▶ _WHAT YOU WILL DO_
With the line that contains "proof (intro conjI allI exI)" as the final line, return every line from the start of the data below exactly.

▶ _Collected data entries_

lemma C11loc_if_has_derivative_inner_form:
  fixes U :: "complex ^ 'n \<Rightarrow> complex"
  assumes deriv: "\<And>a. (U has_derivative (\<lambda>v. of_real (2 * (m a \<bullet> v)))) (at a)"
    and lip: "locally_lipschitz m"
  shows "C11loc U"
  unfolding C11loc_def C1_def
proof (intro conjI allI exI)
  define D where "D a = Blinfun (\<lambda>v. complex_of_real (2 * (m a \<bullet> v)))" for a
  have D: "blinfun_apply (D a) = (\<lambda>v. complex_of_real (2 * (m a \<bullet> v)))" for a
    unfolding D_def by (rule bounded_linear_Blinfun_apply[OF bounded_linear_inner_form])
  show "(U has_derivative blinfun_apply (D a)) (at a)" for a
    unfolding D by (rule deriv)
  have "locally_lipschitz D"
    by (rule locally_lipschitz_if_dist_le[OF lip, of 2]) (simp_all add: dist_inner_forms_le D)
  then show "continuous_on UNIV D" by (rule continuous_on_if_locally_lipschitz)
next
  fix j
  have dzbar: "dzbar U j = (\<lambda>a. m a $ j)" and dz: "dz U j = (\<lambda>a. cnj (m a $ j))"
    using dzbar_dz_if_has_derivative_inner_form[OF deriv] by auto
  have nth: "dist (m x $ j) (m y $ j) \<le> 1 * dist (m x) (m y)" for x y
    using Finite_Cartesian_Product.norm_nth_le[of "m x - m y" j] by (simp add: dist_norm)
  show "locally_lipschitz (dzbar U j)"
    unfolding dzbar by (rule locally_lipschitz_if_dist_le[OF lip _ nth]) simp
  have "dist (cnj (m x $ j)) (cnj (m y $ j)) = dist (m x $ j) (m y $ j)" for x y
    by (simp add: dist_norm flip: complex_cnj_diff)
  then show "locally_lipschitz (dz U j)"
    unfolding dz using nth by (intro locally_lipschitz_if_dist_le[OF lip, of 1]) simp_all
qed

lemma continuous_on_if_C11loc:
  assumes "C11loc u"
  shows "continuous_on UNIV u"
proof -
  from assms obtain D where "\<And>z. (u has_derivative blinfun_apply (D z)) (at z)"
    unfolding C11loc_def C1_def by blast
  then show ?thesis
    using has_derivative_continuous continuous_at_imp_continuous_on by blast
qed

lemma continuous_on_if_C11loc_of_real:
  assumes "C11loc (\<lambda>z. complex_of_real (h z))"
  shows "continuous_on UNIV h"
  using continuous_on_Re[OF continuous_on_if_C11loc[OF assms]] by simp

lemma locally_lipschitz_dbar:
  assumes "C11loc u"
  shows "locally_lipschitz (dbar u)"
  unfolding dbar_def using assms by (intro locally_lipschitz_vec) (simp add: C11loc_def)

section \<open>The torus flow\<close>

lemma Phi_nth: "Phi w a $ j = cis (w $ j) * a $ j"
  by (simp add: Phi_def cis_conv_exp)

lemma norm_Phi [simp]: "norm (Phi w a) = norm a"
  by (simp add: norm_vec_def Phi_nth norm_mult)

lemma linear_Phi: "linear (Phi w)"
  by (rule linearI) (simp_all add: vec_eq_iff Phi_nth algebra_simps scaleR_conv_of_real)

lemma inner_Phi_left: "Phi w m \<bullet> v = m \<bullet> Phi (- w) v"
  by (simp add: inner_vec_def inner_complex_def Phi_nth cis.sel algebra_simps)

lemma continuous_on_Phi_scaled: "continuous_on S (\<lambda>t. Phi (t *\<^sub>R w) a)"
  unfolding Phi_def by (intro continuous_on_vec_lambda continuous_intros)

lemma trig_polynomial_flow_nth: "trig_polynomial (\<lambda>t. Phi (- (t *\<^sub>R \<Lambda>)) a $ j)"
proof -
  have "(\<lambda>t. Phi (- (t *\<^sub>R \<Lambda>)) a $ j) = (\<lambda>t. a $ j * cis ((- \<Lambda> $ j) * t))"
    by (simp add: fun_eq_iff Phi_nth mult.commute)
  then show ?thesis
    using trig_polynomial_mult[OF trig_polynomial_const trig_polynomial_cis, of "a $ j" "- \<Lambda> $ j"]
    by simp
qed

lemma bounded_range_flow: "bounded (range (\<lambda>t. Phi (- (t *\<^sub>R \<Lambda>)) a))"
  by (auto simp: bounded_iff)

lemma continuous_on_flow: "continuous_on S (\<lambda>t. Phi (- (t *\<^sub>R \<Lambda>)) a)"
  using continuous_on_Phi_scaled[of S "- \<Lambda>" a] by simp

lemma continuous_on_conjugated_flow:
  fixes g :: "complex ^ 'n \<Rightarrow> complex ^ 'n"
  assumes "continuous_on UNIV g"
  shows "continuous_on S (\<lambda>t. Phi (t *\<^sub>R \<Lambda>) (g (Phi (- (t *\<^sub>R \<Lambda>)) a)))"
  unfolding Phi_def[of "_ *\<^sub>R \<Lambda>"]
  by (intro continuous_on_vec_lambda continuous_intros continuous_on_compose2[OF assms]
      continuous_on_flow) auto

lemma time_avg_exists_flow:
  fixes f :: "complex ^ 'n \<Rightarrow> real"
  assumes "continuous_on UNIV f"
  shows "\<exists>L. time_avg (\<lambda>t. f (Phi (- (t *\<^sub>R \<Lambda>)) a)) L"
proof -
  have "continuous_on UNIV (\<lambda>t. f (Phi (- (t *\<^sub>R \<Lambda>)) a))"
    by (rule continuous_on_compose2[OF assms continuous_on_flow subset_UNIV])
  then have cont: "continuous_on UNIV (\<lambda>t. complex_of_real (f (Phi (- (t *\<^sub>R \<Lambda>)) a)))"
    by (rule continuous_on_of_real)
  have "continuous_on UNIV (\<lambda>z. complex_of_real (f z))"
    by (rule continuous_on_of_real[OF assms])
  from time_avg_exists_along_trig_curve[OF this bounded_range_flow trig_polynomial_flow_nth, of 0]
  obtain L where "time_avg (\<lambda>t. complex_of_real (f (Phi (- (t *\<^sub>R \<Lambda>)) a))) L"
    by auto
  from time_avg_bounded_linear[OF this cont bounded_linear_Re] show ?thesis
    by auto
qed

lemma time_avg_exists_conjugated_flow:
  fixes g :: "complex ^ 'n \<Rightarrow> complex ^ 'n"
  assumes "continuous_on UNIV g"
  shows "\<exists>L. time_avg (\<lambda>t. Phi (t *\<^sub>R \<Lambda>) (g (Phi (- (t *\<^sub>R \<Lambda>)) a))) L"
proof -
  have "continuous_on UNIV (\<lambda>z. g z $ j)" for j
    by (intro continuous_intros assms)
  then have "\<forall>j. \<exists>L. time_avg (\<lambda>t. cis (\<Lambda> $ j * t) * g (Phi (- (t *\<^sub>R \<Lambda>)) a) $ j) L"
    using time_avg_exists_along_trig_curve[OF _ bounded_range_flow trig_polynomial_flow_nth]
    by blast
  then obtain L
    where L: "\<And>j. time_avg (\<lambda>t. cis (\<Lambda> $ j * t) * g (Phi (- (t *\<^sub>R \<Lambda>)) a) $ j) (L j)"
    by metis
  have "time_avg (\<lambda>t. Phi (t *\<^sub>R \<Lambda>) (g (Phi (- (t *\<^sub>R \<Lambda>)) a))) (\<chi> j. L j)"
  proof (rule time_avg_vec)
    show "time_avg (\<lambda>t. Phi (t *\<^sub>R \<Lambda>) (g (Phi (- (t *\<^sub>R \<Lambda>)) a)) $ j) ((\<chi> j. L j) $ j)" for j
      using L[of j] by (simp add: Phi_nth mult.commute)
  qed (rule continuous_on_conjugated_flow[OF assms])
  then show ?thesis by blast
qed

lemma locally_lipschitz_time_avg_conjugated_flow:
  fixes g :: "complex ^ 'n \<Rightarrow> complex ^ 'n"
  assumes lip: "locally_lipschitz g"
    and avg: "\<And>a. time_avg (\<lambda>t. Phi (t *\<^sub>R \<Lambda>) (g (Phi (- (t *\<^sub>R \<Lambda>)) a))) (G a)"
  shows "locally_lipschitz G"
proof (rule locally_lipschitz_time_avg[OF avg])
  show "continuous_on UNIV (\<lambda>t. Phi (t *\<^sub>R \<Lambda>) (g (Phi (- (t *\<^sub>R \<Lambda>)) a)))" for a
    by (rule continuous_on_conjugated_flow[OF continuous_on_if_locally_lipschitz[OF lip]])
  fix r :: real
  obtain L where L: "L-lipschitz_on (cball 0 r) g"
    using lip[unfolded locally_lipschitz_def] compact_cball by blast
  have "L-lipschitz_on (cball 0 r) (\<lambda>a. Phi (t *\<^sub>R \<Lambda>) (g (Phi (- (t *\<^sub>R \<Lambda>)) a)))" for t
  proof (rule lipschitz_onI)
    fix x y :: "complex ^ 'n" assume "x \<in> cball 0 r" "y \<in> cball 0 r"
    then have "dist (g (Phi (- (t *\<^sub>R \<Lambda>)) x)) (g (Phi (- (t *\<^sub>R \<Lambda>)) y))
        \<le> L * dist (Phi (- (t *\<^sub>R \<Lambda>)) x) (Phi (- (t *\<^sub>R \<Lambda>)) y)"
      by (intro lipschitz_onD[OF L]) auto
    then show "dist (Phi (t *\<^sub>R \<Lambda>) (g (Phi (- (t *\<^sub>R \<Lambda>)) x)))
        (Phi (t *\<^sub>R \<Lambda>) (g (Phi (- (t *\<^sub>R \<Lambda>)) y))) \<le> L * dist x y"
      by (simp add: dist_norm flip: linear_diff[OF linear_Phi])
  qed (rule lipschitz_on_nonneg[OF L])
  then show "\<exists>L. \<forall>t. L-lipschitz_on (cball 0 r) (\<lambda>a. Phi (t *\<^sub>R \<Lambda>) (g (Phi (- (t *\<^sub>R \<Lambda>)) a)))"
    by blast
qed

▶ _SOLUTION TO THE EXERCISE_
lemma C11loc_if_has_derivative_inner_form:
  fixes U :: "complex ^ 'n \<Rightarrow> complex"
  assumes deriv: "\<And>a. (U has_derivative (\<lambda>v. of_real (2 * (m a \<bullet> v)))) (at a)"
    and lip: "locally_lipschitz m"
  shows "C11loc U"
  unfolding C11loc_def C1_def
proof (intro conjI allI exI)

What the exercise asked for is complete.